On Fictional People, Lies, and Underlying Processes

This is just a quick thing in order to get some tabs I off the top of my screen.

Something I think about a lot is fiction and our attachment to it. Why do we like it? Psychoanalysis would give us something about investment and identification; affect theory provides us with a resonance that co-creates us; more traditional and storied theories would just ignore the question and go with the given fact that we, well, just do.

We also have a cultural fascination with the fiction that cannot be distinguished from the truth (by “we” I mean humans because I think that every culture has a concept of lying). Conspiracy theories, talk shows about cheating spouses, and the “real” people behind internet pseudonyms are all outcroppings of this same core feeling–why is there something unreal behind something that we perceive as real?

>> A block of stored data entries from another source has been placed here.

lemma L2K_commute: "L2K u w = L2K w u"
  unfolding L2K_def by (simp add: inner_commute)

lemma L2K_self_eq_0:
  assumes "vpoly k u" "L2K u u = 0"
  shows "u = (\<lambda>p. 0)"
proof -
  define h where "h p = u p \<bullet> u p" for p
  have h_cont: "continuous_on UNIV h"
    unfolding h_def using vpoly_continuous[OF assms(1)] by (intro continuous_on_inner)
  let ?Q = "cbox (0::real, 0::real) (1/2, 1/2)"
  have "?Q \<subseteq> Khat" unfolding Khat_def by (auto simp: cbox_Pair_iff)
  then have "integral ?Q h \<le> integral Khat h"
    using h_cont continuous_integrable_on_Khat
    by (intro integral_subset_le integrable_continuous)
       (auto simp: h_def intro: continuous_on_subset)
  also have "\<dots> = 0" using assms(2) unfolding L2K_def h_def by simp
  finally have "integral ?Q h = 0"
    using integral_nonneg[of h ?Q] integrable_continuous[OF continuous_on_subset[OF h_cont]]
    by (simp add: h_def)
  then have "h q = 0" if "q \<in> ?Q" for q
    using that continuous_nonneg_integral_0_imp_0[of "(0, 0)" "(1/2, 1/2)" h q] h_cont
    by (auto simp: h_def box_ne_empty Basis_prod_def intro: continuous_on_subset)
  then have "fst (u (x, y)) = 0 \<and> snd (u (x, y)) = 0" if "x \<in> {0..1/2}" "y \<in> {0..1/2}" for x y
    using that by (auto simp: h_def cbox_Pair_iff inner_prod_def)
  moreover have "infinite {0..1/2 :: real}" by (simp add: infinite_Icc)
  ultimately have "fst (u p) = 0" "snd (u p) = 0" for p
    using assms(1)
      is_poly2_eq_0[of k "\<lambda>p. fst (u p)" "{0..1/2}" "{0..1/2}" p]
      is_poly2_eq_0[of k "\<lambda>p. snd (u p)" "{0..1/2}" "{0..1/2}" p]
    by (simp_all add: vpoly_def)
  then show ?thesis by (simp add: fun_eq_iff prod_eq_iff)
qed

What brought this up recently was a Parliamentary investigation of the practices of undercover police officers (which, I gather, is about tracking the people who track dissidents). This investigation has focused on officers who would live with women who were attached to the groups that they were monitoring, working their way into intimate relationships with them.

I will let the article speak for itself:

It was not unusual for undercover operatives working for the SDS or its sister squad, the national public order unit, to have sexual relationships with women they were spying on. Of the 11 undercover police officers publicly identified, nine had intimate sexual relations with activists. Most were long-term, meaningful relationships with women who believed they were in a loving partnership.

Usually these spies were told to spend at least one or two days a week off-duty, when they would change clothes and return to their real lives. However, Jenner, who had a wife, appears to have lived more or less permanently with Alison, rarely leaving their shared flat in London.

It was an arrangement that caused personal problems for the Jenners. At one stage, he is known to have attended counselling to repair his relationship with his wife. Bizarrely, at about the same time, he was also consulting a second relationship counsellor with Alison.

“I met him when I was 29,” she said. “It was the time when I wanted to have children, and for the last 18 months of our relationship he went to relationship counselling with me about the fact that I wanted children and he did not.”

The article ends with a message from Alison:

“This is not about just a lying boyfriend or a boyfriend who has cheated on you,” she said. “It is about a fictional character who was created by the state and funded by taxpayers’ money. The experience has left me with many, many unanswered questions, and one of those that comes back is: how much of the relationship was real?”

I think it is both interesting and tragic that the article ends on this note– it deflects away from Alison’s point. Yes, a popular fascination with liars and lies is an easy hook for the article to cling to, but I think this fascination takes away from Alison’s broader argument: the British government is directly responsible for emotional trauma for these women.

In this way, there isn’t a fiction going on at all. Everything is on the surface of things–everything is true. The government has a well-documented program of infiltration that has trauma as a policy.

So what am I saying? The British government has a policy that uses women as tools in order to enact Cold War-era civil spying tactics. On top of that, the press desire to package the story as one about “the lie” instead of one about governmental procedure and police practices and specific kinds of governmental “acceptable” abuse that is specifically gendered is a move to cover up or to mask the problem.

The fact that this isn’t a new process, and that it continues to this day, is really disturbing.